▼
lemma prism_labels_face_sum:
  assumes l1: "\<And>p. l1 p \<le> Suc m" and l2: "\<And>p. l2 p \<le> Suc m" and i: "i \<le> Suc m"
  shows "(\<Sum>k\<in>{Suc i..Suc m}. (-1)^(i+k) * levi_civita (Suc m) (prism_labels l1 l2 i (face m k x)))
       - (\<Sum>k<i. (-1)^(i+k) * levi_civita (Suc m) (prism_labels l1 l2 (i - 1) (face m k x)))
       = levi_civita (Suc m) (\<lambda>k. if k < i then l1 (x k) else l2 (x k))
       - levi_civita (Suc m) (\<lambda>k. if k < Suc i then l1 (x k) else l2 (x k))"
proof -
  let ?\<epsilon> = "levi_civita (Suc m)"
  define u where "u = prism_labels l1 l2 i x"
  define c where "c j = (-1)^(i+j) * ?\<epsilon> (\<lambda>k. u (if k < j then k else Suc k))" for j
  have "(\<Sum>j\<le>Suc (Suc m). c j) =
      (-1)^i * (\<Sum>j\<le>Suc (Suc m). (-1)^j * ?\<epsilon> (\<lambda>k. u (if k < j then k else Suc k)))"
    unfolding c_def sum_distrib_left by (simp add: power_add mult.assoc)
  also have "\<dots> = 0"
    using levi_civita_face_sum[of "Suc m" u] l1 l2 by (simp add: u_def prism_labels_def)
  finally have faces: "(\<Sum>j\<le>Suc (Suc m). c j) = 0" .
  have "{..Suc (Suc m)} = {..<i} \<union> {i..Suc (Suc m)}" using i by auto
  then have "(\<Sum>j\<le>Suc (Suc m). c j) = (\<Sum>j<i. c j) + (\<Sum>j\<in>{i..Suc (Suc m)}. c j)"
    by (simp only:) (rule sum.union_disjoint; auto)
  also have "(\<Sum>j\<in>{i..Suc (Suc m)}. c j) = c i + (\<Sum>j\<in>{Suc i..Suc (Suc m)}. c j)"
    using i by (subst sum.atLeast_Suc_atMost) auto
  also have "(\<Sum>j\<in>{Suc i..Suc (Suc m)}. c j) = c (Suc i) + (\<Sum>j\<in>{Suc (Suc i)..Suc (Suc m)}. c j)"
    using i by (subst sum.atLeast_Suc_atMost) auto
  also have "(\<Sum>j\<in>{Suc (Suc i)..Suc (Suc m)}. c j) = (\<Sum>k\<in>{Suc i..Suc m}. c (Suc k))"
    by (rule sum.shift_bounds_cl_Suc_ivl)
  finally have split: "(\<Sum>j\<le>Suc (Suc m). c j) =
      (\<Sum>j<i. c j) + (c i + (c (Suc i) + (\<Sum>k\<in>{Suc i..Suc m}. c (Suc k))))" .
  define Hi where "Hi = (\<Sum>k\<in>{Suc i..Suc m}. (-1)^(i+k) * ?\<epsilon> (prism_labels l1 l2 i (face m k x)))"
  define Lo where "Lo = (\<Sum>k<i. (-1)^(i+k) * ?\<epsilon> (prism_labels l1 l2 (i - 1) (face m k x)))"
  have "(\<Sum>j<i. c j) = Lo"
    unfolding Lo_def c_def using i
    by (intro sum.cong refl arg_cong[where f="\<lambda>z. _ * z"] levi_civita_cong)
      (auto simp: u_def prism_labels_def face_def)
  moreover have "(\<Sum>k\<in>{Suc i..Suc m}. c (Suc k)) = - Hi"
    unfolding Hi_def sum_negf[symmetric]
  proof (rule sum.cong[OF refl])
    fix k assume "k \<in> {Suc i..Suc m}"
    then have "?\<epsilon> (\<lambda>r. u (if r < Suc k then r else Suc r)) = ?\<epsilon> (prism_labels l1 l2 i (face m k x))"
      by (intro levi_civita_cong) (auto simp: u_def prism_labels_def face_def)
    then show "c (Suc k) = - ((-1)^(i+k) * ?\<epsilon> (prism_labels l1 l2 i (face m k x)))"
      unfolding c_def by simp
  qed
  moreover have "c i = ?\<epsilon> (\<lambda>k. if k < i then l1 (x k) else l2 (x k))"
    unfolding c_def
    by (subst levi_civita_cong[where t'="\<lambda>k. if k < i then l1 (x k) else l2 (x k)"])
      (auto simp: u_def prism_labels_def)
  moreover have "c (Suc i) = - ?\<epsilon> (\<lambda>k. if k < Suc i then l1 (x k) else l2 (x k))"
    unfolding c_def
    by (subst levi_civita_cong[where t'="\<lambda>k. if k < Suc i then l1 (x k) else l2 (x k)"])
      (auto simp: u_def prism_labels_def)
  ultimately have "0 = Lo + (?\<epsilon> (\<lambda>k. if k < i then l1 (x k) else l2 (x k))
      + (- ?\<epsilon> (\<lambda>k. if k < Suc i then l1 (x k) else l2 (x k)) + - Hi))"
    using faces split by (simp only:)
  then show ?thesis
    unfolding Hi_def[symmetric] Lo_def[symmetric] by (simp add: algebra_simps)
qed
▲
Here, the lines to copy run from the one containing "unfolding Hi_def[symmetric] Lo_def[symmetric]" to the final line of the listing; copy them exactly and nothing else.

    unfolding Hi_def[symmetric] Lo_def[symmetric] by (simp add: algebra_simps)
qed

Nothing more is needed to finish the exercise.